■ WORK INSTRUCTIONS ■
Only one portion of the data is to be written out: from the line bearing "unfolding test_fun_def by" through the line bearing "proof (rule barrier_subsolution_inequality[OF". Write it exactly as it appears.

Saved data entries:
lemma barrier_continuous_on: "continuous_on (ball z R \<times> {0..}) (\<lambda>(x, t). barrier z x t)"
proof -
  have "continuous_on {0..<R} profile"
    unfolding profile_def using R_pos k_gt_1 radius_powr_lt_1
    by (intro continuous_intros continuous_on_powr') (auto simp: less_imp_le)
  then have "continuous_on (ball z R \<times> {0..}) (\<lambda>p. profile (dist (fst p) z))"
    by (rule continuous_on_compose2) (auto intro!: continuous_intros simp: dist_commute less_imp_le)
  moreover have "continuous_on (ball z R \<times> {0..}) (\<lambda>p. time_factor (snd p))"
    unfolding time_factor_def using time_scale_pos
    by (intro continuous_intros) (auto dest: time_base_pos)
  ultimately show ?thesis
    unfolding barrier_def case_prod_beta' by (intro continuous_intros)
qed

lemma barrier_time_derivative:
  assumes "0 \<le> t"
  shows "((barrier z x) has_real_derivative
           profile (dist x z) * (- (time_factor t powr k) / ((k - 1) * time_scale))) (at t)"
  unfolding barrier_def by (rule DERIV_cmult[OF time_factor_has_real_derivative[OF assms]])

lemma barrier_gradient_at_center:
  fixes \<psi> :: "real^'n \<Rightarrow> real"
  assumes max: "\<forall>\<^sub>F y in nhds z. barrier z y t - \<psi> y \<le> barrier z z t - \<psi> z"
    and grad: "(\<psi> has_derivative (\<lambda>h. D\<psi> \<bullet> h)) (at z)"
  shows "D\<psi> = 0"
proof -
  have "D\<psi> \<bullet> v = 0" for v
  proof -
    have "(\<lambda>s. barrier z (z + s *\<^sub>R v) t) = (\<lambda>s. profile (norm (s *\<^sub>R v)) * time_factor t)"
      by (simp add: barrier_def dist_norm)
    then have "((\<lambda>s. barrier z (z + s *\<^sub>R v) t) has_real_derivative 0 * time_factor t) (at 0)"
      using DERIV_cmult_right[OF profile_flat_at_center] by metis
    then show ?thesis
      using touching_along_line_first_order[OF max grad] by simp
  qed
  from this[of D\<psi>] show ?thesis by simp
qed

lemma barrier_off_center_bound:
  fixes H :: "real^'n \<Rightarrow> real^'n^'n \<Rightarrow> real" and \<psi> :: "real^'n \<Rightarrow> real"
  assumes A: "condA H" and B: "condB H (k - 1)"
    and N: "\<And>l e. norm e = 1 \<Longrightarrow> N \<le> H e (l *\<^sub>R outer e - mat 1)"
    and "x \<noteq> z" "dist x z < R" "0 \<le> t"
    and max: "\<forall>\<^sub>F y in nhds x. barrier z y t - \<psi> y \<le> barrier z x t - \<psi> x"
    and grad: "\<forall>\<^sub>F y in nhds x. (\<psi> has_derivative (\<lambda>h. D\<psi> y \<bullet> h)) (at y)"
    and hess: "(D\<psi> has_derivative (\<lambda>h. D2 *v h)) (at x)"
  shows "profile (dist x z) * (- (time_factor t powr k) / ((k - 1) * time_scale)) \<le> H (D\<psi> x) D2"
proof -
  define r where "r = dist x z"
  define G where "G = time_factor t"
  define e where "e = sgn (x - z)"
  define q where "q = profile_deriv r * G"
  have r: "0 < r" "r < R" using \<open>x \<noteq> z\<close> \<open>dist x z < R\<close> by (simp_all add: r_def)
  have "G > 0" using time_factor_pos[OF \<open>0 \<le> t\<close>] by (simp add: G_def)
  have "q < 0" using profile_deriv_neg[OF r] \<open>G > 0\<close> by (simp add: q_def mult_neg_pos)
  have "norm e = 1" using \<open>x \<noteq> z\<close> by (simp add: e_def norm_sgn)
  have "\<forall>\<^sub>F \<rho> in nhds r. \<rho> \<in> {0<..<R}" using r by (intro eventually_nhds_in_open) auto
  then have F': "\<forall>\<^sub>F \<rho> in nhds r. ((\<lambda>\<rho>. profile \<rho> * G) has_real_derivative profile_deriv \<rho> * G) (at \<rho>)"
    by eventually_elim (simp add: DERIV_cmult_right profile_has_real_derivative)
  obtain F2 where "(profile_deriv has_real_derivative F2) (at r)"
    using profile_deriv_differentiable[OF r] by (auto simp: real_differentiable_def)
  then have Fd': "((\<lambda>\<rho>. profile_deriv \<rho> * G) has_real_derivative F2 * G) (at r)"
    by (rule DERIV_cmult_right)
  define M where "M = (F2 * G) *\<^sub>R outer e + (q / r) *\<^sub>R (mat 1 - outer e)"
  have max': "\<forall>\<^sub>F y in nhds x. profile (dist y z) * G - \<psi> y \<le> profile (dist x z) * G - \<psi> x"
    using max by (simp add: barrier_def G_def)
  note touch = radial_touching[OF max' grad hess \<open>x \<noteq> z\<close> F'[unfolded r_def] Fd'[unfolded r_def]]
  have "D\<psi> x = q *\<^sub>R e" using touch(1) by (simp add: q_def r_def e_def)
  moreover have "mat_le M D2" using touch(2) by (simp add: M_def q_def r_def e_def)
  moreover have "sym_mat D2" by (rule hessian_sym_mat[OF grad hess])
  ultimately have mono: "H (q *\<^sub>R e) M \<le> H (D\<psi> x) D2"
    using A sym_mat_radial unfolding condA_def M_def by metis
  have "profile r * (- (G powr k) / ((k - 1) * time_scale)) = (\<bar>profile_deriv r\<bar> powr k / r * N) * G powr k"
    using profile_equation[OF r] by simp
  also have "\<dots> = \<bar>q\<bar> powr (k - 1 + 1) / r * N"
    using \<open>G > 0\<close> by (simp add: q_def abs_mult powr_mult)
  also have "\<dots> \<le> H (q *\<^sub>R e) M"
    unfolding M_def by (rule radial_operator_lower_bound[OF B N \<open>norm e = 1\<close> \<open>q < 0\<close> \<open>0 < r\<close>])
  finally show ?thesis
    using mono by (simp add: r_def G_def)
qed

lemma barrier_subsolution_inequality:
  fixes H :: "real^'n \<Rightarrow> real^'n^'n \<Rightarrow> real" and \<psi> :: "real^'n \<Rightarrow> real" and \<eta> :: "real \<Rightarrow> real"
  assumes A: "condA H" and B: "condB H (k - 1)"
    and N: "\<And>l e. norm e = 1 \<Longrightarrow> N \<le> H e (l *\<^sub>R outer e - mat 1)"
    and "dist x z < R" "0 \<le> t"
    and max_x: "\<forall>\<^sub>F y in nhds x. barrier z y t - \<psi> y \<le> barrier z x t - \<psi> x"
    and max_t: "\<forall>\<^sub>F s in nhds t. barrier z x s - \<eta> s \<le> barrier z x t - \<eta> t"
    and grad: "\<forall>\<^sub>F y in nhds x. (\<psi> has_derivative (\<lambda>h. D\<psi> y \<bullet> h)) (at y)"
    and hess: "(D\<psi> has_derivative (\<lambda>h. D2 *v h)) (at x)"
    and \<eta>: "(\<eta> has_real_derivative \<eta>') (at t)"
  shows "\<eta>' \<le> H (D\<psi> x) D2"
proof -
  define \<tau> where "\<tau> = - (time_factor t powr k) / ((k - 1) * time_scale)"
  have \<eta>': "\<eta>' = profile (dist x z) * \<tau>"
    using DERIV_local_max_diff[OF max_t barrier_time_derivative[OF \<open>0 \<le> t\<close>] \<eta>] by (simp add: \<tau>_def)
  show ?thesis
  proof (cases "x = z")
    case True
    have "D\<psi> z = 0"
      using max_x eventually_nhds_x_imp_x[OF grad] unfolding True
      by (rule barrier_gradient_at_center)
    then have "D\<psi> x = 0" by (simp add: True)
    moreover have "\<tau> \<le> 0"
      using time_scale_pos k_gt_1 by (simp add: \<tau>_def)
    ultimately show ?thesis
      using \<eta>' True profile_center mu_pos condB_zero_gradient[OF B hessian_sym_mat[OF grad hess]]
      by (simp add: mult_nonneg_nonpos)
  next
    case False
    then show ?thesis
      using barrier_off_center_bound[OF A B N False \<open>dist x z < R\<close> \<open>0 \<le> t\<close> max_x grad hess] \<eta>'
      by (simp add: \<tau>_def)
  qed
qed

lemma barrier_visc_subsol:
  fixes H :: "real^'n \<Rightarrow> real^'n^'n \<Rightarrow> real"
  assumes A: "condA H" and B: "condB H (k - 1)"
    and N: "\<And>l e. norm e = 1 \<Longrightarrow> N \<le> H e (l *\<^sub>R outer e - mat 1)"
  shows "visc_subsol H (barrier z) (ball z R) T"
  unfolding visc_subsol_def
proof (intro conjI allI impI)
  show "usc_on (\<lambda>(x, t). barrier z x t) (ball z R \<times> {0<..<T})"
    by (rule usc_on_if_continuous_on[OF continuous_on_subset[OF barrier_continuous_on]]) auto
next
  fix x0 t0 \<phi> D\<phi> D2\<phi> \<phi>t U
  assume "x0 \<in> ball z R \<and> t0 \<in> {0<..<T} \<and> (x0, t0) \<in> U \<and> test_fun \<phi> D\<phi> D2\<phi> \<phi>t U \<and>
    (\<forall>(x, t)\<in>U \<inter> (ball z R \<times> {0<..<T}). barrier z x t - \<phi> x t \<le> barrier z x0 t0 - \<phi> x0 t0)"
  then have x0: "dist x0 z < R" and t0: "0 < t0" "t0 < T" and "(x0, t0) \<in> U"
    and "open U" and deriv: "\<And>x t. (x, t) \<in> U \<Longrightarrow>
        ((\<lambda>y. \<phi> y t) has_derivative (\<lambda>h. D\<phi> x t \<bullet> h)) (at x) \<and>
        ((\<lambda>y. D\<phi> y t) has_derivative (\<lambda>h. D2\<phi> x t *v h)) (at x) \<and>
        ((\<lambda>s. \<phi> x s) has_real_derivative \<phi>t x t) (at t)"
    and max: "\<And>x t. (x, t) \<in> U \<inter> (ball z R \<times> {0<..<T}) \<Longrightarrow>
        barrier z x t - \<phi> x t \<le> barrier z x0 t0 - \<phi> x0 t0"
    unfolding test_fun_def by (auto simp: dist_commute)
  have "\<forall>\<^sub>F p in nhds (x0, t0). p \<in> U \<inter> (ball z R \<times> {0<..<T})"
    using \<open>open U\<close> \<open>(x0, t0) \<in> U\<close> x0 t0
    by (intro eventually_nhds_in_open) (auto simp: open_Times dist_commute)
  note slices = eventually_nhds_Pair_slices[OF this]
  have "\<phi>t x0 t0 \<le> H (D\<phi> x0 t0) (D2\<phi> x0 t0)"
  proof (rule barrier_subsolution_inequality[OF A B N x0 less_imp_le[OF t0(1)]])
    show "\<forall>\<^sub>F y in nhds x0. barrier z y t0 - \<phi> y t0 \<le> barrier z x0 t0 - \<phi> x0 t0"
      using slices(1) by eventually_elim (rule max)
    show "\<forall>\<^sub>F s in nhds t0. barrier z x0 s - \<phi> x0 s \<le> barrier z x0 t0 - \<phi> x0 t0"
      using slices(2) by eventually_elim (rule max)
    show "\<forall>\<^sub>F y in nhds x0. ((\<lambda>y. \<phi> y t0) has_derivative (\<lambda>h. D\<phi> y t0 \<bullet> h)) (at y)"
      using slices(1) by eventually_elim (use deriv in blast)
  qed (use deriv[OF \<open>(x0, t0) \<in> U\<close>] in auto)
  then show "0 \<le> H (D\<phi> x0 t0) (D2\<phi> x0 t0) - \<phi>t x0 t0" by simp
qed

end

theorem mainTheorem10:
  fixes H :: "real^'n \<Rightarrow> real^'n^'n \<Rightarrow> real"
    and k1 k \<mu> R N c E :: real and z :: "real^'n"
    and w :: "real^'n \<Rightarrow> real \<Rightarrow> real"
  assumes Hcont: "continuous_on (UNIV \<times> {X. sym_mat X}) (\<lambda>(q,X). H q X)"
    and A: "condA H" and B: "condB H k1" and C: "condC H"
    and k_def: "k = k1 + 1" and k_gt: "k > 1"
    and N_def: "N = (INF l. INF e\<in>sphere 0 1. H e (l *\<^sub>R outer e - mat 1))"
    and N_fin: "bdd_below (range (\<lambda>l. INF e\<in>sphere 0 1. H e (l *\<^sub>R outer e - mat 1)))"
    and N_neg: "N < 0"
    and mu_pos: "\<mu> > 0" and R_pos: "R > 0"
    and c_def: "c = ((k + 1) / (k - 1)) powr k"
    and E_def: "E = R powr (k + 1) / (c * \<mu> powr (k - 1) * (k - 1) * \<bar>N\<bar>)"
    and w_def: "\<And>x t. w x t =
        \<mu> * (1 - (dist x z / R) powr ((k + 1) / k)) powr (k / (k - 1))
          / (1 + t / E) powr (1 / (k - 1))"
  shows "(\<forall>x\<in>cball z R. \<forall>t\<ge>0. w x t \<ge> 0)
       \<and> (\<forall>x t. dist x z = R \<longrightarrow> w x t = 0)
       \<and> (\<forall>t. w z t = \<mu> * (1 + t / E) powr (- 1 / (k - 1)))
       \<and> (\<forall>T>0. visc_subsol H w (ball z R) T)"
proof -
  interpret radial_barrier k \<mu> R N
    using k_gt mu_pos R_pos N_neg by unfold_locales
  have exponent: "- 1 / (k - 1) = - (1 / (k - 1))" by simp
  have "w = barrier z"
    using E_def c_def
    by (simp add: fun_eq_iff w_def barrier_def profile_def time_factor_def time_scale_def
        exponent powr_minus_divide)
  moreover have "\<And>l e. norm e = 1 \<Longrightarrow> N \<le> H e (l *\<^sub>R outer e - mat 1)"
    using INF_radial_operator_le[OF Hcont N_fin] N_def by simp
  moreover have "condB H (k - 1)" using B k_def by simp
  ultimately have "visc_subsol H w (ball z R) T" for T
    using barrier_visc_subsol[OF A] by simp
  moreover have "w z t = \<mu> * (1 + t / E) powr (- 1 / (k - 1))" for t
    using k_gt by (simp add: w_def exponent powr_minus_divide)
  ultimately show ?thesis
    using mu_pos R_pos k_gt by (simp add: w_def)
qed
---
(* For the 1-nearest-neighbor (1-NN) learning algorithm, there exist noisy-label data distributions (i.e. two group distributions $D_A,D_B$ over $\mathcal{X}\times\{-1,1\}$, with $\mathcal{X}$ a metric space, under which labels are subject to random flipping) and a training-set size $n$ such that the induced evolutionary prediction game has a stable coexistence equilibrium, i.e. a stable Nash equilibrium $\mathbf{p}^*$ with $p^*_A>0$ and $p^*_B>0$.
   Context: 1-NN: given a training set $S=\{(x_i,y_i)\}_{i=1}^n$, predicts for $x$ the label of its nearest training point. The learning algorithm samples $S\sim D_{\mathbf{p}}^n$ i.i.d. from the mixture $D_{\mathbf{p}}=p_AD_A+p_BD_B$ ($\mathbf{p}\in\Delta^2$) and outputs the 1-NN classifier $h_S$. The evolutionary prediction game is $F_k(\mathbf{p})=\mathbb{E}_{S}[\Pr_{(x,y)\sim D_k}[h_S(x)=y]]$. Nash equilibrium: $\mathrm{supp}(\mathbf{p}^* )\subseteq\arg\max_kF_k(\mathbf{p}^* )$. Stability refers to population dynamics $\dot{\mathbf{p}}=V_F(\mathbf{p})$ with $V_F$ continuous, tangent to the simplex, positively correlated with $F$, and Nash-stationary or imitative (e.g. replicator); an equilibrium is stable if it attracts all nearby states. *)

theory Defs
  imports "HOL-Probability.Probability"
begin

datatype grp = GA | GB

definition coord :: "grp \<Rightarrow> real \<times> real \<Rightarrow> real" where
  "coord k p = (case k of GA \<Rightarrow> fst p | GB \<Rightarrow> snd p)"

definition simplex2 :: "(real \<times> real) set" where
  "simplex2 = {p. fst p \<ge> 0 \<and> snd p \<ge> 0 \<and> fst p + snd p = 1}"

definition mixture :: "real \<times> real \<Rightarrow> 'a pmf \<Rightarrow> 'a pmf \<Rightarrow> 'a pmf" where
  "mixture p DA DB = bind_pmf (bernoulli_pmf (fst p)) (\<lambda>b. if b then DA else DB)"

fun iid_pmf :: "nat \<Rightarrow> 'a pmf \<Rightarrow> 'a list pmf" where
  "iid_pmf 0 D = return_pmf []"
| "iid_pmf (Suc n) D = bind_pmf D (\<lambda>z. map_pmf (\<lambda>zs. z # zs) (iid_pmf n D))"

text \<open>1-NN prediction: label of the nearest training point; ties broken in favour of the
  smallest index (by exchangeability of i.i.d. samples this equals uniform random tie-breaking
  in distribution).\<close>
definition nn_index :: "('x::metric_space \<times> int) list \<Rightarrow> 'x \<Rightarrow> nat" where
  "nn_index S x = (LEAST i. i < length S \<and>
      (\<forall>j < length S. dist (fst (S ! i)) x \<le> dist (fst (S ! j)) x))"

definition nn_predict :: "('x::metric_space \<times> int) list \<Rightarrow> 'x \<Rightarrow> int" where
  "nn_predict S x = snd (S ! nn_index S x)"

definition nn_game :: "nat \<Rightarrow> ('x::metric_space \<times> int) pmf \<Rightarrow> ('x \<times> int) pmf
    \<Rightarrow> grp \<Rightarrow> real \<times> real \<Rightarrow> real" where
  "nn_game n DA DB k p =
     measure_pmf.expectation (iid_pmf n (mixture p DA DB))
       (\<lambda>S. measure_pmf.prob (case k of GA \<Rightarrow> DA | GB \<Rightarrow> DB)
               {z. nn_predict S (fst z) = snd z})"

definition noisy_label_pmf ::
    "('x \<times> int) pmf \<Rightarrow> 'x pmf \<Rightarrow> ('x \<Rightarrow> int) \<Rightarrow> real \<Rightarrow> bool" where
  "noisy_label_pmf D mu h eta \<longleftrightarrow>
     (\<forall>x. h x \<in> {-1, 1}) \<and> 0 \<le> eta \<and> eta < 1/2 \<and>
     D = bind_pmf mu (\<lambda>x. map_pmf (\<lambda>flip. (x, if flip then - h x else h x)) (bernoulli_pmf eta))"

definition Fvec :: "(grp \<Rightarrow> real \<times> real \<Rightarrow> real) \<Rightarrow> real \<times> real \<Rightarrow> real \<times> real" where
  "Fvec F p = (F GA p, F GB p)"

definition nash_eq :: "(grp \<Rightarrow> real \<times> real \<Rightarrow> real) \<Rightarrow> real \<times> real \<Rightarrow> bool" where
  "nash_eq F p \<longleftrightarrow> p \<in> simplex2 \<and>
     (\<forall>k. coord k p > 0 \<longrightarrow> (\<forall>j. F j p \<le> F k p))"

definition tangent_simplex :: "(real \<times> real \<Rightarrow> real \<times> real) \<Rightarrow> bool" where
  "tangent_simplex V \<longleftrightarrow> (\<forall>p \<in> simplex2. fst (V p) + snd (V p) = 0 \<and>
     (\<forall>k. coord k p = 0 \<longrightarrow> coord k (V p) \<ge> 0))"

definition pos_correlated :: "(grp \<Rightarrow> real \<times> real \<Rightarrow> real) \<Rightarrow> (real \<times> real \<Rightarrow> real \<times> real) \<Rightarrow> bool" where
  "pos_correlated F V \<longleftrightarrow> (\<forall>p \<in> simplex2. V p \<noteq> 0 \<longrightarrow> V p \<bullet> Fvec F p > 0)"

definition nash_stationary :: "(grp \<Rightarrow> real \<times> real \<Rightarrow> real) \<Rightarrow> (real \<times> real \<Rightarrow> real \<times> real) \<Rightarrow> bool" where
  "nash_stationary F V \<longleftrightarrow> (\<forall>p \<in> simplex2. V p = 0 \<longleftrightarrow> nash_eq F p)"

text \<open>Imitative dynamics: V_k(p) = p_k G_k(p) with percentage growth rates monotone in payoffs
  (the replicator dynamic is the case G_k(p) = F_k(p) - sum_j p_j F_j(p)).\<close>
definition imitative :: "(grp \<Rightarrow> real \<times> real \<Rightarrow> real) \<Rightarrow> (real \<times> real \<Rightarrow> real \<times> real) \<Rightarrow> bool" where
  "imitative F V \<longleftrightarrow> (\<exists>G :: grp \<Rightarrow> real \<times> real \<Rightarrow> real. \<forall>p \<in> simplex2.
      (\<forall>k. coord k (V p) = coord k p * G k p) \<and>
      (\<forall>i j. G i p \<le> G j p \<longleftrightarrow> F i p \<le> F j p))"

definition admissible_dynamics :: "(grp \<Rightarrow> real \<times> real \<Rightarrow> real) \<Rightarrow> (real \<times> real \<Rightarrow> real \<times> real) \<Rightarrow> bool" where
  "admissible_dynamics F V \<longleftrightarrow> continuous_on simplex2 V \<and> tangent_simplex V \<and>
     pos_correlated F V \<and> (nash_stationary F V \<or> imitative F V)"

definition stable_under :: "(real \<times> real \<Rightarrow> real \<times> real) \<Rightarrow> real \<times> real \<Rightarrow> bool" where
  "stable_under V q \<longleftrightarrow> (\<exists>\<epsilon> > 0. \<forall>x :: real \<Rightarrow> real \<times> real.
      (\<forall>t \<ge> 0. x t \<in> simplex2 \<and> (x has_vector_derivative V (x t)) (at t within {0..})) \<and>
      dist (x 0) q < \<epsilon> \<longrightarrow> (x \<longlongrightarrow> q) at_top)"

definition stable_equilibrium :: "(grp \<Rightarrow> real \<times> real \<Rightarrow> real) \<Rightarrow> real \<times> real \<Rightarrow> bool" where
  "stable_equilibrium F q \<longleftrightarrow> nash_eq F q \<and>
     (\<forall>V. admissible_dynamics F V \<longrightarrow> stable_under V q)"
...
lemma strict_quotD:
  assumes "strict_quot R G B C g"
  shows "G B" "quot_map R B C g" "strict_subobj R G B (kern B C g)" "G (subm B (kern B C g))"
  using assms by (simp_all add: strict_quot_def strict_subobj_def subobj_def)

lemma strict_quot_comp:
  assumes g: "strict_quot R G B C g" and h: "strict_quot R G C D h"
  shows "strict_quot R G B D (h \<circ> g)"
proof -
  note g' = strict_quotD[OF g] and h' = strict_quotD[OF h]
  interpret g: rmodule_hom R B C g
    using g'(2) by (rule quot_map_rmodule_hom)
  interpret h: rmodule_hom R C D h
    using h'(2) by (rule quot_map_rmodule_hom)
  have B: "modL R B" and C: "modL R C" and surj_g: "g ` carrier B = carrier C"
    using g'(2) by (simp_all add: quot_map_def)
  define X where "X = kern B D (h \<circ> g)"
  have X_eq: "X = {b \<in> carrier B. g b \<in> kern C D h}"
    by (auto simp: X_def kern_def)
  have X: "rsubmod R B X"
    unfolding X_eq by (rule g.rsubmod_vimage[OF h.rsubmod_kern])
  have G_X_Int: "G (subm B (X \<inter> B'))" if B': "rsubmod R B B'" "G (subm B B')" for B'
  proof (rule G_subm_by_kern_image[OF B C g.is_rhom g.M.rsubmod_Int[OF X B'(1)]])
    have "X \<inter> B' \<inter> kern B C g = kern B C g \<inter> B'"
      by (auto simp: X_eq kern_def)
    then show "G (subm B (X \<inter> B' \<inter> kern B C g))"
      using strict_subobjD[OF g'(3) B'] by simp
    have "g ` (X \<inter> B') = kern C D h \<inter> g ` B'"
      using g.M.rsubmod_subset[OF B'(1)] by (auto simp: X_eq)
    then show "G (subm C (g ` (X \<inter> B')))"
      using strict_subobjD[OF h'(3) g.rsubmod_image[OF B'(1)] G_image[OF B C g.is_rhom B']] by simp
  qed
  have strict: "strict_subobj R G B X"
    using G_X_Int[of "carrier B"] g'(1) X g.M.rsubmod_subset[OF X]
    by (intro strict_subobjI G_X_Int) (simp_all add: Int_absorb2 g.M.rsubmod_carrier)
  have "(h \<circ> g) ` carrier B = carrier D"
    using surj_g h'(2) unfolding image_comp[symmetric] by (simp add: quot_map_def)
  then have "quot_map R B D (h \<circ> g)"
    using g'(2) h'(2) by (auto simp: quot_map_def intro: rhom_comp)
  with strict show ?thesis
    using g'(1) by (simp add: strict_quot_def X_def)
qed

■ OUTPUT ■
    unfolding test_fun_def by (auto simp: dist_commute)
  have "\<forall>\<^sub>F p in nhds (x0, t0). p \<in> U \<inter> (ball z R \<times> {0<..<T})"
    using \<open>open U\<close> \<open>(x0, t0) \<in> U\<close> x0 t0
    by (intro eventually_nhds_in_open) (auto simp: open_Times dist_commute)
  note slices = eventually_nhds_Pair_slices[OF this]
  have "\<phi>t x0 t0 \<le> H (D\<phi> x0 t0) (D2\<phi> x0 t0)"
  proof (rule barrier_subsolution_inequality[OF A B N x0 less_imp_le[OF t0(1)]])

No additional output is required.